I like to remind people that getting to the point where I am, with
two novels coming out next year with a major publisher, was a journey.
Before I even wrote the first draft of Thorn of Dentonhill, I wrote two other novels. Two novels which should never see the light of day.
So let's talk about them.
The Fifty Year War was a very bad attempt to emulate something akin to Isaac Asimov's Foundation,
where the key events of a multi-generational war is told through a
series of novelette-length vignettes. Because nine 10k-ish novelettes
equals one novel, right?
Except not so much. Let
alone that there isn't so much a "plot" as there is "stuff that
happens". There isn't anything for readers to hook into. The closest
to a "main" character is an officer named Benton who has a key role in
three or four of the sections, and then a minor cameo later. The only
other bit of recurring involves the various generations of a soldier
family who keep getting killed in key battles. That was my way of
highlighting the toll on the 'average' man in this war: killing off
pikemen named Weaver.
When it comes down to it, Fifty Year War
is essentially a chunk of Druth history that I had already worked out,
setting the stage for the "real" time I wanted to write in. So in a lot
of ways, it comes off as a prequel to something that didn't exist,
filled with the obvious piece-setting that prequels have, but making
zero sense to anyone but myself.
So I would fix those mistakes with Crown of Druthal.
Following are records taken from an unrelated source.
lemma bij_pent_degrees: "bij_betw (part_degree 3 1) signed_odds pent_degrees"
proof (rule bij_betw_byWitness[where f' = pent_part])
  have deg: "part_degree 3 1 (2 * t + 1, 0) = 6 * t + 4" "part_degree 3 1 (2 * t + 1, 1) = 6 * t + 2"
    for t by (simp_all add: part_degree_def)
  have mod6: "(6 * t + 4) mod 6 = 4" "(6 * t + 2) mod (6::nat) = 2" for t :: nat by presburger+
  have part: "\<exists>t. x = (2 * t + 1, 0) \<or> x = (2 * t + 1, 1)" if "x \<in> signed_odds" for x
    using that by (cases x) (auto simp: signed_odds_iff elim!: oddE)
  have degree: "\<exists>t. m = 6 * t + 4 \<or> m = 6 * t + 2" if "m \<in> pent_degrees" for m
  proof -
    have "m mod 6 = 2 \<or> m mod 6 = 4" using that by (simp add: pent_degrees_def)
    then show ?thesis by (intro exI[of _ "m div 6"]) presburger
  qed
  show "\<forall>x\<in>signed_odds. pent_part (part_degree 3 1 x) = x"
  proof
    fix x assume "x \<in> signed_odds"
    then obtain t where "x = (2 * t + 1, 0) \<or> x = (2 * t + 1, 1)" using part by blast
    then show "pent_part (part_degree 3 1 x) = x" using deg mod6 by (auto simp: pent_part_def)
  qed
  show "part_degree 3 1 ` signed_odds \<subseteq> pent_degrees"
  proof
    fix m assume "m \<in> part_degree 3 1 ` signed_odds"
    then obtain t where "m = 6 * t + 4 \<or> m = 6 * t + 2" using part deg by fastforce
    then show "m \<in> pent_degrees" using mod6 by (auto simp: pent_degrees_def)
  qed
  show "\<forall>m\<in>pent_degrees. part_degree 3 1 (pent_part m) = m"
  proof
    fix m assume "m \<in> pent_degrees"
    then obtain t where "m = 6 * t + 4 \<or> m = 6 * t + 2" using degree by blast
    then show "part_degree 3 1 (pent_part m) = m" using mod6 by (auto simp: pent_part_def part_degree_def)
  qed
  show "pent_part ` pent_degrees \<subseteq> signed_odds"
  proof
    fix x assume "x \<in> pent_part ` pent_degrees"
    then obtain m t where "x = pent_part m" "m = 6 * t + 4 \<or> m = 6 * t + 2" using degree by blast
    then show "x \<in> signed_odds" using mod6 by (auto simp: pent_part_def signed_odds_iff)
  qed
qed
lemma convolution_weight_le:
  fixes K N J a \<beta> :: real
  assumes "\<beta> \<le> 0" "0 < N" "0 < J" "0 < K" "K \<le> N + J"
  shows "K powr (-\<beta>) * (N powr \<beta> * J powr a)
    \<le> 2 powr (-\<beta>) * (J powr a + (N powr (2*\<beta>) + J powr (2*(a-\<beta>))) / 2)"
proof -
  have "K powr (-\<beta>) \<le> (2 * max N J) powr (-\<beta>)"
    using assms by (intro powr_mono2) auto
  also have "\<dots> = 2 powr (-\<beta>) * max N J powr (-\<beta>)"
    using assms by (simp add: powr_mult)
  also have "\<dots> \<le> 2 powr (-\<beta>) * (N powr (-\<beta>) + J powr (-\<beta>))"
    by (intro mult_left_mono) (auto simp: max_def)
  finally have K_le: "K powr (-\<beta>) \<le> 2 powr (-\<beta>) * (N powr (-\<beta>) + J powr (-\<beta>))" .
  have "K powr (-\<beta>) * (N powr \<beta> * J powr a)
      \<le> 2 powr (-\<beta>) * (N powr (-\<beta>) + J powr (-\<beta>)) * (N powr \<beta> * J powr a)"
    using K_le by (rule mult_right_mono) simp
  also have "\<dots> = 2 powr (-\<beta>) * ((N powr (-\<beta>) * N powr \<beta>) * J powr a + N powr \<beta> * (J powr (-\<beta>) * J powr a))"
    by algebra
  also have "\<dots> = 2 powr (-\<beta>) * (J powr a + N powr \<beta> * J powr (a - \<beta>))"
    using assms by (simp flip: powr_add)
  also have "\<dots> \<le> 2 powr (-\<beta>) * (J powr a + ((N powr \<beta>)^2 + (J powr (a - \<beta>))^2) / 2)"
    using sum_squares_bound[of "N powr \<beta>" "J powr (a - \<beta>)"] by (intro mult_left_mono) auto
  also have "\<dots> = 2 powr (-\<beta>) * (J powr a + (N powr (2*\<beta>) + J powr (2*(a-\<beta>))) / 2)"
    using assms by (simp add: powr_power)
  finally show ?thesis .
qed

definition lattice_zeta :: "real \<Rightarrow> real" where
  "lattice_zeta p = infsum (\<lambda>m. lnorm m powr p) UNIV"

lemma has_sum_lattice_zeta: "p < -3 \<Longrightarrow> ((\<lambda>m. lnorm m powr p) has_sum lattice_zeta p) UNIV"
  unfolding lattice_zeta_def by (rule has_sum_infsum[OF summable_on_lnorm_powr])

lemma has_sum_lattice_zeta_shifted:
  "p < -3 \<Longrightarrow> ((\<lambda>j. lnorm (lsub k j) powr p) has_sum lattice_zeta p) UNIV"
  using has_sum_reindex_bij_betw[of "lsub k" UNIV UNIV "\<lambda>m. lnorm m powr p"] bij_lsub[of k]
    has_sum_lattice_zeta[of p]
  by simp

lemma lattice_convolution_bound:
  fixes a \<beta> :: real
  assumes "\<beta> \<le> 0" "a < -3" "2*\<beta> < -3" "2*(a-\<beta>) < -3" and "k \<noteq> (0,0,0)"
  defines "A \<equiv> {j. j \<noteq> (0,0,0) \<and> j \<noteq> k}"
  shows "(\<lambda>j. lnorm (lsub k j) powr \<beta> * lnorm j powr a) summable_on A"
    and "infsum (\<lambda>j. lnorm (lsub k j) powr \<beta> * lnorm j powr a) A
      \<le> 2 powr (-\<beta>) * (lattice_zeta a + (lattice_zeta (2*\<beta>) + lattice_zeta (2*(a-\<beta>))) / 2)
         * lnorm k powr \<beta>"
proof -
  define K where "K = lnorm k"
  define h where "h j = lnorm (lsub k j) powr \<beta> * lnorm j powr a" for j
  define R where "R j = K powr \<beta> * (2 powr (-\<beta>) *
    (lnorm j powr a + (lnorm (lsub k j) powr (2*\<beta>) + lnorm j powr (2*(a-\<beta>))) / 2))" for j
  have "(R has_sum K powr \<beta> * (2 powr (-\<beta>) *
      (lattice_zeta a + (lattice_zeta (2*\<beta>) + lattice_zeta (2*(a-\<beta>))) / 2))) UNIV"
    unfolding R_def using assms
    by (intro has_sum_cmult_right has_sum_add has_sum_divide_const
        has_sum_lattice_zeta has_sum_lattice_zeta_shifted)
  then have R_UNIV_summable: "R summable_on UNIV"
    and R_UNIV: "infsum R UNIV = K powr \<beta> * (2 powr (-\<beta>) *
      (lattice_zeta a + (lattice_zeta (2*\<beta>) + lattice_zeta (2*(a-\<beta>))) / 2))"
    by (auto simp: has_sum_imp_summable infsumI)
  have R_A: "R summable_on A" using R_UNIV_summable by (rule summable_on_subset_banach) simp
  have "K \<ge> 1" using lnorm_ge_1[OF assms(5)] by (simp add: K_def)
  have h_le_R: "h j \<le> R j" if "j \<in> A" for j
  proof -
    have "lnorm (lsub k j) \<ge> 1" "lnorm j \<ge> 1"
      using that lnorm_ge_1 lsub_eq_0_iff[of k j] by (auto simp: A_def)
    then have "K powr (-\<beta>) * h j \<le> 2 powr (-\<beta>) *
        (lnorm j powr a + (lnorm (lsub k j) powr (2*\<beta>) + lnorm j powr (2*(a-\<beta>))) / 2)"
      unfolding h_def K_def using assms(1) \<open>K \<ge> 1\<close> lnorm_triangle_lsub[of k j]
      by (intro convolution_weight_le) (auto simp: K_def)
    then have "K powr \<beta> * (K powr (-\<beta>) * h j) \<le> R j"
      unfolding R_def by (rule mult_left_mono) simp
    moreover have "K powr \<beta> * K powr (-\<beta>) = 1"
      using \<open>K \<ge> 1\<close> by (simp flip: powr_add)
    ultimately show ?thesis by (simp add: mult.assoc[symmetric])
  qed
  have h_nonneg: "0 \<le> h j" for j by (simp add: h_def)
  have R_nonneg: "0 \<le> R j" for j by (simp add: R_def)
  show h_A: "(\<lambda>j. lnorm (lsub k j) powr \<beta> * lnorm j powr a) summable_on A"
    using summable_on_comparison_test[OF R_A h_le_R h_nonneg] by (simp add: h_def[abs_def])
  have "infsum h A \<le> infsum R A"
    using h_A R_A h_le_R by (intro infsum_mono) (simp_all add: h_def[abs_def])
  also have "\<dots> \<le> infsum R UNIV"
    using R_A R_UNIV_summable R_nonneg by (intro infsum_mono2) auto
  finally show "infsum (\<lambda>j. lnorm (lsub k j) powr \<beta> * lnorm j powr a) A
      \<le> 2 powr (-\<beta>) * (lattice_zeta a + (lattice_zeta (2*\<beta>) + lattice_zeta (2*(a-\<beta>))) / 2)
         * lnorm k powr \<beta>"
    by (simp add: h_def[abs_def] R_UNIV K_def mult_ac)
qed

section \<open>The source term\<close>

lemma lnorm_powr_bound_everywhere:
  fixes \<gamma> :: "lat \<Rightarrow> 'a::real_normed_vector"
  assumes "c \<ge> 0" and "\<forall>k. k \<noteq> (0,0,0) \<and> lnorm k \<ge> r \<longrightarrow> norm (\<gamma> k) \<le> c * lnorm k powr \<alpha>"
  obtains G where "G \<ge> 0" and "\<forall>j. j \<noteq> (0,0,0) \<longrightarrow> norm (\<gamma> j) \<le> G * lnorm j powr \<alpha>"
proof
  define F where "F = {j. lnorm j < r}"
  define G where "G = c + (\<Sum>j\<in>F. norm (\<gamma> j) * lnorm j powr (-\<alpha>))"
  have "finite F" unfolding F_def by (rule finite_lnorm_less)
  have sum_nonneg: "0 \<le> (\<Sum>j\<in>F. norm (\<gamma> j) * lnorm j powr (-\<alpha>))" by (intro sum_nonneg) simp
  then show "G \<ge> 0" using assms(1) by (simp add: G_def)
  show "\<forall>j. j \<noteq> (0,0,0) \<longrightarrow> norm (\<gamma> j) \<le> G * lnorm j powr \<alpha>"
  proof (intro allI impI)
    fix j :: lat assume "j \<noteq> (0,0,0)"
    then have "lnorm j \<ge> 1" by (rule lnorm_ge_1)
    show "norm (\<gamma> j) \<le> G * lnorm j powr \<alpha>"
    proof (cases "j \<in> F")
      case True
      have "norm (\<gamma> j) * lnorm j powr (-\<alpha>) \<le> G"
        using member_le_sum[OF True _ \<open>finite F\<close>, of "\<lambda>j. norm (\<gamma> j) * lnorm j powr (-\<alpha>)"] assms(1)
        by (simp add: G_def)
      then have "norm (\<gamma> j) * lnorm j powr (-\<alpha>) * lnorm j powr \<alpha> \<le> G * lnorm j powr \<alpha>"
        by (rule mult_right_mono) simp
      with \<open>lnorm j \<ge> 1\<close> show ?thesis by (simp add: mult.assoc flip: powr_add)
    next
      case False
      then have "lnorm j \<ge> r" by (simp add: F_def)
      with assms(2) \<open>j \<noteq> (0,0,0)\<close> have "norm (\<gamma> j) \<le> c * lnorm j powr \<alpha>" by blast
      also have "\<dots> \<le> G * lnorm j powr \<alpha>" using sum_nonneg by (intro mult_right_mono) (simp_all add: G_def)
      finally show ?thesis .
    qed
  qed
qed
(* With the natural actions of the symmetric groups, the maps $\phi^0$ and $\phi^1$ are injective morphisms of symmetric set-operads from $\mathcal{FF}^\Sigma$ to the symmetric set-operads underlying $\mathrm{Mould}_0^\Sigma$ and $\mathrm{Mould}_1^\Sigma$, respectively.
   Context: $\mathcal{FF}(n)$ is the set of reduced formal fractions whose numerator and denominator are products of symbols $[S]$, $\emptyset\ne S\subseteq\{1,\dots,n\}$, i.e. the free abelian group written multiplicatively on these symbols. For $F\in\mathcal{FF}(m)$, $G\in\mathcal{FF}(n)$: $F\circ_i G=[S_{i,n}]\,F(1,\dots,i-1,S_{i,n},i+n,\dots,m+n-1)\,G(i,\dots,i+n-1)$, where $S_{i,n}=\{i,\dots,i+n-1\}$ and $F(A_1,\dots,A_m)$ replaces each $[S]$ by $[\bigcup_{k\in S}A_k]$. $\mathcal{FF}^\Sigma$ is $\mathcal{FF}$ with $\sigma\in S_n$ acting by $[S]\mapsto[\sigma(S)]$. $\mathrm{Mould}_0(n)=\mathrm{Mould}_1(n)=\mathbb{Q}(u_1,\dots,u_n)$ with compositions $F\circ_iG=\Sigma_{i,n}F(u_1,\dots,u_{i-1},\Sigma_{i,n},u_{i+n},\dots,u_{m+n-1})G(u_i,\dots,u_{i+n-1})$, $\Sigma_{i,n}=u_i+\dots+u_{i+n-1}$ (for $\mathrm{Mould}_0$), and $F\circ_iG=(\Pi_{i,n}-1)F(u_1,\dots,u_{i-1},\Pi_{i,n},u_{i+n},\dots,u_{m+n-1})G(u_i,\dots,u_{i+n-1})$, $\Pi_{i,n}=u_i\cdots u_{i+n-1}$ (for $\mathrm{Mould}_1$); $S_n$ acts by permuting the variables $u_1,\dots,u_n$; the superscript $\Sigma$ denotes these symmetric operads. $\phi^0([S])=\sum_{j\in S}u_j$ and $\phi^1([S])=\prod_{j\in S}u_j-1$, extended multiplicatively. *)

theory Defs
  imports Complex_Main "HOL-Library.Poly_Mapping" "HOL-Computational_Algebra.Fraction_Field"
          "HOL-Combinatorics.Permutations"
begin

text \<open>A reduced formal fraction is an element of the free abelian group (written
  multiplicatively) on the symbols [S]; we encode it by its finitely supported exponent
  function S \<mapsto> exponent of [S]. The group product is the sum of exponent functions.\<close>

type_synonym ff = "nat set \<Rightarrow>\<^sub>0 int"

definition FF :: "nat \<Rightarrow> ff set" where
  "FF n = {F. \<forall>S\<in>Poly_Mapping.keys F. S \<noteq> {} \<and> S \<subseteq> {1..n}}"

definition ff_rename :: "(nat set \<Rightarrow> nat set) \<Rightarrow> ff \<Rightarrow> ff" where
  "ff_rename g F = (\<Sum>S\<in>Poly_Mapping.keys F. Poly_Mapping.single (g S) (Poly_Mapping.lookup F S))"

definition Sint :: "nat \<Rightarrow> nat \<Rightarrow> nat set" where
  "Sint i n = {i..i + n - 1}"

text \<open>The sets A_1,...,A_m used in F(1,...,i-1,S_{i,n},i+n,...,m+n-1).\<close>
definition ff_blocks :: "nat \<Rightarrow> nat \<Rightarrow> nat \<Rightarrow> nat set" where
  "ff_blocks i n k = (if k < i then {k} else if k = i then Sint i n else {k + n - 1})"

definition ff_comp :: "nat \<Rightarrow> ff \<Rightarrow> nat \<Rightarrow> ff \<Rightarrow> ff" where
  "ff_comp i F n G =
     Poly_Mapping.single (Sint i n) 1
     + ff_rename (\<lambda>S. \<Union>k\<in>S. ff_blocks i n k) F
     + ff_rename (\<lambda>S. (\<lambda>j. j + i - 1) ` S) G"

definition ff_act :: "(nat \<Rightarrow> nat) \<Rightarrow> ff \<Rightarrow> ff" where
  "ff_act \<sigma> F = ff_rename (\<lambda>S. \<sigma> ` S) F"

type_synonym mpoly = "(nat \<Rightarrow>\<^sub>0 nat) \<Rightarrow>\<^sub>0 rat"
type_synonym ratfun = "mpoly fract"

definition mvar :: "nat \<Rightarrow> mpoly" where
  "mvar j = Poly_Mapping.single (Poly_Mapping.single j 1) 1"

definition mconst :: "rat \<Rightarrow> mpoly" where
  "mconst c = Poly_Mapping.single 0 c"

definition mvars :: "mpoly \<Rightarrow> nat set" where
  "mvars p = \<Union> (Poly_Mapping.keys ` Poly_Mapping.keys p)"

definition u :: "nat \<Rightarrow> ratfun" where
  "u j = Fract (mvar j) 1"

text \<open>Mould(n) = Q(u_1,...,u_n), as a subfield of Q(u_0,u_1,u_2,...).\<close>
definition Mould :: "nat \<Rightarrow> ratfun set" where
  "Mould n = {x. \<exists>a b. b \<noteq> 0 \<and> mvars a \<subseteq> {1..n} \<and> mvars b \<subseteq> {1..n} \<and> x = Fract a b}"

definition poly_subst :: "(nat \<Rightarrow> ratfun) \<Rightarrow> mpoly \<Rightarrow> ratfun" where
  "poly_subst s p =
     (\<Sum>m\<in>Poly_Mapping.keys p. Fract (mconst (Poly_Mapping.lookup p m)) 1 * (\<Prod>v\<in>Poly_Mapping.keys m. s v ^ Poly_Mapping.lookup m v))"

definition rf_subst :: "(nat \<Rightarrow> ratfun) \<Rightarrow> ratfun \<Rightarrow> ratfun" where
  "rf_subst s x = (SOME r. \<exists>a b. b \<noteq> 0 \<and> x = Fract a b \<and> r = poly_subst s a / poly_subst s b)"

definition Sigma_in :: "nat \<Rightarrow> nat \<Rightarrow> ratfun" where
  "Sigma_in i n = (\<Sum>j\<in>Sint i n. u j)"

definition Pi_in :: "nat \<Rightarrow> nat \<Rightarrow> ratfun" where
  "Pi_in i n = (\<Prod>j\<in>Sint i n. u j)"

definition mould_comp_gen :: "ratfun \<Rightarrow> ratfun \<Rightarrow> nat \<Rightarrow> ratfun \<Rightarrow> nat \<Rightarrow> ratfun \<Rightarrow> ratfun" where
  "mould_comp_gen P Q i F n G =
     P * rf_subst (\<lambda>k. if k < i then u k else if k = i then Q else u (k + n - 1)) F
       * rf_subst (\<lambda>j. u (j + i - 1)) G"

definition mould0_comp :: "nat \<Rightarrow> ratfun \<Rightarrow> nat \<Rightarrow> ratfun \<Rightarrow> ratfun" where
  "mould0_comp i F n G = mould_comp_gen (Sigma_in i n) (Sigma_in i n) i F n G"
There I had a set cast of characters, so the readers would have main
people to grab onto. And I would have them... do... plot-like things?
Yeah, not quite.
First problem with Crown comes down to the same challenge a lot of fantasy-worldbuilders face: I've made this whole world, and now I'm going to show it ALL TO YOU. ALL OF IT.
It was literally a travelogue with absolutely no McGuffin to chase from
country to country. The characters were the crew of a diplomatic ship
more or less assigned to go on a world tour. They were to go to each
country so I could show you each country. I totally had a whole
multi-book series planned, and by "planned" that meant I knew which countries they would go to. Which was a huge part of the problem, especially with Crown,
the book I actually wrote. I had to jam a series of events from "stuff
that happens in country A" and "stuff that happens in country B" into
something that looked like a plot for a single book. But since I was
far more interested in just touring both countries, the plot takes a
good long while to get going.
The other problem is the
story is loaded with characters who are essentially there to be set
decoration. I had a ship full of people, with different specialties and
jobs, and most of them served absolutely no purpose in the
story. I did some logistical contortions to give most of them a toehold
in the climax-- so a combination of telepathy, magic and celestial
navigation is used to determine where my main character was being held
captive, so then the guys with swords could mount a rescue.
There are bits in Crown
that I'm fond of, but it's mired in long sections where characters are
more or less hanging out, taking at least half the book before the plot
proper actually gets going. And the plot itself? Kind of a long way to
drive to get a gallon of milk.
But in the process of writing these two trunked novels, I learned plenty about how
to write a novel, how to structure character arcs and plots. So:
they're bad, they'll stay in the archives for all time, but they were
vital to the process of eventually writing Thorn of Dentonhill and A Murder of Mages.